*WORK TASK*: Whenever "imports" occurs in a line of the material, list that line.

*RECORDS FOR THIS EXERCISE*:

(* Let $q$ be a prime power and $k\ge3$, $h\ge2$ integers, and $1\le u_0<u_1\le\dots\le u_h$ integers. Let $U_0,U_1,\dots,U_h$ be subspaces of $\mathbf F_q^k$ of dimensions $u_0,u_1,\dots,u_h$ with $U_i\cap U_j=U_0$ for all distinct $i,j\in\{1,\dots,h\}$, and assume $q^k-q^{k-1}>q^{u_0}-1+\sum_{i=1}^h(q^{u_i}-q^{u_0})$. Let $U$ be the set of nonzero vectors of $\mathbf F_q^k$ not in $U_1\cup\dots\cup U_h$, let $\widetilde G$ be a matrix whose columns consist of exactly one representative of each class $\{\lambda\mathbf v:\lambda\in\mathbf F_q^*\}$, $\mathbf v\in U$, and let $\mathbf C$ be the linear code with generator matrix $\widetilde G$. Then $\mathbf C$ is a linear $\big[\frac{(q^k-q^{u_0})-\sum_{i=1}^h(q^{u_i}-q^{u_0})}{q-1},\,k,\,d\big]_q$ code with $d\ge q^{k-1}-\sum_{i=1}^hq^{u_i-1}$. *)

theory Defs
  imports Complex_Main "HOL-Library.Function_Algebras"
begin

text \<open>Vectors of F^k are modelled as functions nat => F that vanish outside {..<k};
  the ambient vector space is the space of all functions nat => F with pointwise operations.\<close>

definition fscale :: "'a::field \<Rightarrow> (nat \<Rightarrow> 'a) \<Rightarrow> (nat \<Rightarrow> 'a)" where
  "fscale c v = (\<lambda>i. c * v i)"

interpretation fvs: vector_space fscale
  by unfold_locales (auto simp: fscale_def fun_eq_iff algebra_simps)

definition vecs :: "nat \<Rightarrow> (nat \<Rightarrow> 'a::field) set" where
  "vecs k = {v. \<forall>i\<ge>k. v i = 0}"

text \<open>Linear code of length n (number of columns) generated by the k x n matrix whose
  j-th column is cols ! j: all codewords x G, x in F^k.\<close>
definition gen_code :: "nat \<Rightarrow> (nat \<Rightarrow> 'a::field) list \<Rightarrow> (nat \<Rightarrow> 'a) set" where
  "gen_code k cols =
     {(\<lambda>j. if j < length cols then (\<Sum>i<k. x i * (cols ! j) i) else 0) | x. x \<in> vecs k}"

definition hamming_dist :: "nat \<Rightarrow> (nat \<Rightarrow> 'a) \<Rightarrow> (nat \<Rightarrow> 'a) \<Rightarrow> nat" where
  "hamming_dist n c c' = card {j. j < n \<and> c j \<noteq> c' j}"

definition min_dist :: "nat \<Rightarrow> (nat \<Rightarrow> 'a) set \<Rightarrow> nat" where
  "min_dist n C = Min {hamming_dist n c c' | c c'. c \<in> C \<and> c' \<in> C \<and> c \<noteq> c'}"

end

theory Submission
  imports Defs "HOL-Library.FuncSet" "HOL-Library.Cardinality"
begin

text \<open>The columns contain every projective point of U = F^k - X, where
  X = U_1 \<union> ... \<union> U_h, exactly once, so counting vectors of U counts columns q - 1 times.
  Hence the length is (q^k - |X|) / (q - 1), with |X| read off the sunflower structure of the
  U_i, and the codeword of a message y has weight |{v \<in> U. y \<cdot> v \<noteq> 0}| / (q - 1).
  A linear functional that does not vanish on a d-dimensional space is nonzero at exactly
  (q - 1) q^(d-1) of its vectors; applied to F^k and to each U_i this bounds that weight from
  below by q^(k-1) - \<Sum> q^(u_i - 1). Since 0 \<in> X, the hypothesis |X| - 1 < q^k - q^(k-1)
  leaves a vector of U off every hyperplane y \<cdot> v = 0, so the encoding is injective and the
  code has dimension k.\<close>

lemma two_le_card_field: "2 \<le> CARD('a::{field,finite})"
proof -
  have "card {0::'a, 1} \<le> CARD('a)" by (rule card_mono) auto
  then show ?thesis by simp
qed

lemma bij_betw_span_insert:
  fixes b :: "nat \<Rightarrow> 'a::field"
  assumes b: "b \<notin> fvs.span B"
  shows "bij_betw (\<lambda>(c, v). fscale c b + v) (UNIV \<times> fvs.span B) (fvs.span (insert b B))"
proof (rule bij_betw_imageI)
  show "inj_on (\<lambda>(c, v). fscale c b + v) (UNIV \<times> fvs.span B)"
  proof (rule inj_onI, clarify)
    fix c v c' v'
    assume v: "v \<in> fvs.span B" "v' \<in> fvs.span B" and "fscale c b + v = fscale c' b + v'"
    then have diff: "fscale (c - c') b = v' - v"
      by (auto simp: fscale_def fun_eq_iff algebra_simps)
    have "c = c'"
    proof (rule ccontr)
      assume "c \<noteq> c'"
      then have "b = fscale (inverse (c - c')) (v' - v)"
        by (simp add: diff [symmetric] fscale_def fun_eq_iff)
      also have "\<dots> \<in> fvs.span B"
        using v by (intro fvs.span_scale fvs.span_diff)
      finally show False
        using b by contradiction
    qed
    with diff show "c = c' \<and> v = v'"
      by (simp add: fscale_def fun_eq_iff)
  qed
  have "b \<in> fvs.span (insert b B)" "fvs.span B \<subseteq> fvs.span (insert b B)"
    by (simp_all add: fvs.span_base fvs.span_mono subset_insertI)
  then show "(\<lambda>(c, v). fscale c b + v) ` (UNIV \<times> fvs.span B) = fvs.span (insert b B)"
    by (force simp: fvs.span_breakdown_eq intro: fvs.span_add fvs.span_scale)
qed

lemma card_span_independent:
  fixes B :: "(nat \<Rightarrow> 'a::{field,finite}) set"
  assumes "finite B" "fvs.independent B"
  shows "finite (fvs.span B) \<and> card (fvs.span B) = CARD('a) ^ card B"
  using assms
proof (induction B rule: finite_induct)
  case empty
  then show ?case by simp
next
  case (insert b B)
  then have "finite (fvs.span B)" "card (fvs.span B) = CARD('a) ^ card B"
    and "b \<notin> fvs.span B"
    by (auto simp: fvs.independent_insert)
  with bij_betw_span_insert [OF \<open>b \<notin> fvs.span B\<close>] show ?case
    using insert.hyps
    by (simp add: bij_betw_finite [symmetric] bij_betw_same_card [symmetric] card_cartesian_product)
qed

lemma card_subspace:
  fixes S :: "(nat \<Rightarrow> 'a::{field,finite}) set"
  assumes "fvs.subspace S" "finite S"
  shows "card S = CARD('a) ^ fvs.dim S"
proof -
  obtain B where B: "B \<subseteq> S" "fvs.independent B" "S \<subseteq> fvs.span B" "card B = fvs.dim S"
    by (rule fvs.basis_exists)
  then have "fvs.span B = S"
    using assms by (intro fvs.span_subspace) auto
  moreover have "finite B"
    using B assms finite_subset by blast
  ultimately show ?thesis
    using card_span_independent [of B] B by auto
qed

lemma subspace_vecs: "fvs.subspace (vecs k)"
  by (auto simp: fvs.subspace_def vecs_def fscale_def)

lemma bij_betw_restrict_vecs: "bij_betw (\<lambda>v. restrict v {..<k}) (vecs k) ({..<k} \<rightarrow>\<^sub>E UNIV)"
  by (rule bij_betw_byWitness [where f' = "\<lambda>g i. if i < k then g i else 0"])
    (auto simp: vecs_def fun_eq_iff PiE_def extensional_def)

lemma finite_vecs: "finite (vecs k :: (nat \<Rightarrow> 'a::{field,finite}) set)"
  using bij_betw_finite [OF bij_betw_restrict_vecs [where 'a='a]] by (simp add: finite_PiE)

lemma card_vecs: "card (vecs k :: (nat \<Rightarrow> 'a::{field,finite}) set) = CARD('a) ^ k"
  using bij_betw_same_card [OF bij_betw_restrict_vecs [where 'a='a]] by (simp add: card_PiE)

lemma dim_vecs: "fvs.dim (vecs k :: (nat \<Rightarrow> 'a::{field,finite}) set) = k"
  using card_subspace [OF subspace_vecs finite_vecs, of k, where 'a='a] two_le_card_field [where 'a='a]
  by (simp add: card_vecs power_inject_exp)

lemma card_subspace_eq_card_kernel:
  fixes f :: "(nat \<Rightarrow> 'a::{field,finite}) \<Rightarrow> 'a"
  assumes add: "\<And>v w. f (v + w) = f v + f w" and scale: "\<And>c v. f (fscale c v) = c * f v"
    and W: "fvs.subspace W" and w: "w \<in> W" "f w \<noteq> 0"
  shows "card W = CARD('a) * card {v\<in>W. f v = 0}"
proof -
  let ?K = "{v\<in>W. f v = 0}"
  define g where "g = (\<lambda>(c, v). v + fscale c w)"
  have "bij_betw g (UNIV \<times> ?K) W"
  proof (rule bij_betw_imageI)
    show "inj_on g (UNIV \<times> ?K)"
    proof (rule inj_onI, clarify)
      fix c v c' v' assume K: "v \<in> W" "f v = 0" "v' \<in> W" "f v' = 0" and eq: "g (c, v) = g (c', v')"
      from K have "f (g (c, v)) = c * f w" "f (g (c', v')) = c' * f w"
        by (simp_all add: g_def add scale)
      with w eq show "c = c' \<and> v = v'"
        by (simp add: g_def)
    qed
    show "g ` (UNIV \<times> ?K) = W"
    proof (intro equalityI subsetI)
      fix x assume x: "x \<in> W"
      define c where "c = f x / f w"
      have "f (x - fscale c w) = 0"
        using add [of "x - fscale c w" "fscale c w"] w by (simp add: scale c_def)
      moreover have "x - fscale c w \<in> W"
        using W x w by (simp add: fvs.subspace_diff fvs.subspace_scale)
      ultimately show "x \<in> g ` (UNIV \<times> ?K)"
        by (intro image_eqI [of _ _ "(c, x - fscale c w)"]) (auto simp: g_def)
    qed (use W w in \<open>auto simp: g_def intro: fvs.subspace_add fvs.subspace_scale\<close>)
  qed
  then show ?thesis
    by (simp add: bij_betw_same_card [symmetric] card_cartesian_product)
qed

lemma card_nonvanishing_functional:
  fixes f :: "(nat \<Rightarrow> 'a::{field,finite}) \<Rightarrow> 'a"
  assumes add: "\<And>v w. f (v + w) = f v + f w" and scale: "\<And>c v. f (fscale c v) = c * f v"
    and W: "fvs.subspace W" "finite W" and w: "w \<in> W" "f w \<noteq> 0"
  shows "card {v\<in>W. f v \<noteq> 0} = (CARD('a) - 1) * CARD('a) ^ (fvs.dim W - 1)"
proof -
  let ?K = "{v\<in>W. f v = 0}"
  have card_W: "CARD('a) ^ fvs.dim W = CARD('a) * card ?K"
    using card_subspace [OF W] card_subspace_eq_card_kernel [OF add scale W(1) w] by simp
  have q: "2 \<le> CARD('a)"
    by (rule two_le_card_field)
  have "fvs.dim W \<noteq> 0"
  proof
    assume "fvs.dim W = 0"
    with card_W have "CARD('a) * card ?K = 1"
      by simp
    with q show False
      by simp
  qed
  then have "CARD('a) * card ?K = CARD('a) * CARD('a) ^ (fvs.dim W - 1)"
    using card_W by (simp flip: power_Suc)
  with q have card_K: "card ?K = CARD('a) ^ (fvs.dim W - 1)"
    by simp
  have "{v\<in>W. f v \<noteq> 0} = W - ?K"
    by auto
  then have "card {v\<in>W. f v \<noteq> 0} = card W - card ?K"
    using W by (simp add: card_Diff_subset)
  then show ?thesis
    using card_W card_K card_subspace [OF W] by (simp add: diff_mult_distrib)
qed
...
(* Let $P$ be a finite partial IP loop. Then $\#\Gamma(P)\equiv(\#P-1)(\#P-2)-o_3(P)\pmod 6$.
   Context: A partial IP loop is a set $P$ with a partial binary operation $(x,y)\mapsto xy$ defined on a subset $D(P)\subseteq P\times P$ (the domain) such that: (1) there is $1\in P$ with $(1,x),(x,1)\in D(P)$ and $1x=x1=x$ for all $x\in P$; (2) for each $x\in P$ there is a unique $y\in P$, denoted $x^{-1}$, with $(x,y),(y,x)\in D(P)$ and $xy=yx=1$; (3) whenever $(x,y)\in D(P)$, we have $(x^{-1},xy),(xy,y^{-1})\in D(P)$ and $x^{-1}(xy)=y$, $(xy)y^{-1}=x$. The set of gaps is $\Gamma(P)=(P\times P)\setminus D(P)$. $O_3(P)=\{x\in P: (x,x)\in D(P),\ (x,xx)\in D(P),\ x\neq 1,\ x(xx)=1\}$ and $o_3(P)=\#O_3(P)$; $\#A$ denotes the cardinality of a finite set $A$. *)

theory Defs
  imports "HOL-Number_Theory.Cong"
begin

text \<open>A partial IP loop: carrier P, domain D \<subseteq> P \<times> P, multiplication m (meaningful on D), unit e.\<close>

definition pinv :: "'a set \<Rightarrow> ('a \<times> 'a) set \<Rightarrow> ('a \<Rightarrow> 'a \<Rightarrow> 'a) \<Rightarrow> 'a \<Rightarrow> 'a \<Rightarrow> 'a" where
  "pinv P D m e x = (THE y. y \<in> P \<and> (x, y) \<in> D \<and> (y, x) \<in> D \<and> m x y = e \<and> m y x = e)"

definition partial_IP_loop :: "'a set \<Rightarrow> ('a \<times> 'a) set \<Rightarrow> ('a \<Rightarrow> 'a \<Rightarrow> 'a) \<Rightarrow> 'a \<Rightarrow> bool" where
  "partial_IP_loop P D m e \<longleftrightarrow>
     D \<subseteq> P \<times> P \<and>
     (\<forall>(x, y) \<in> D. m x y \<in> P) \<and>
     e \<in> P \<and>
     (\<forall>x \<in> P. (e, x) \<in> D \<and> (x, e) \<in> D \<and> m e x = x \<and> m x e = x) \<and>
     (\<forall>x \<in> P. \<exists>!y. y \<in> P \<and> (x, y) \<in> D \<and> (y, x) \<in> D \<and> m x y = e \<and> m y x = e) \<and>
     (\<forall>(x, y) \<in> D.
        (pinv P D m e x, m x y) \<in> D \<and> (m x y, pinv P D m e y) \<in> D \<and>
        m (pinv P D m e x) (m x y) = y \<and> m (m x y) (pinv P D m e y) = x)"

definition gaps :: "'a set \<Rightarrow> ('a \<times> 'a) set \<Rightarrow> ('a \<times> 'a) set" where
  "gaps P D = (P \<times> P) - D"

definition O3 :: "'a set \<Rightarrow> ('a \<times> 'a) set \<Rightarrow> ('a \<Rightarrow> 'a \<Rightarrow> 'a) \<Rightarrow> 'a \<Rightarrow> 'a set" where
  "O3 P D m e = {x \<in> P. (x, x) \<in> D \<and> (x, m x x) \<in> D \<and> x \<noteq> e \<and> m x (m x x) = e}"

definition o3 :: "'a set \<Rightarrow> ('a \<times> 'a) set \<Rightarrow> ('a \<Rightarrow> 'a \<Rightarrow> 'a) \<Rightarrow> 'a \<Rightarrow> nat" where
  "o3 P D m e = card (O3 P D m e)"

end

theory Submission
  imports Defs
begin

*EXERCISE ANSWER*:
  imports Complex_Main "HOL-Library.Function_Algebras"
  imports Defs "HOL-Library.FuncSet" "HOL-Library.Cardinality"
  imports "HOL-Number_Theory.Cong"
  imports Defs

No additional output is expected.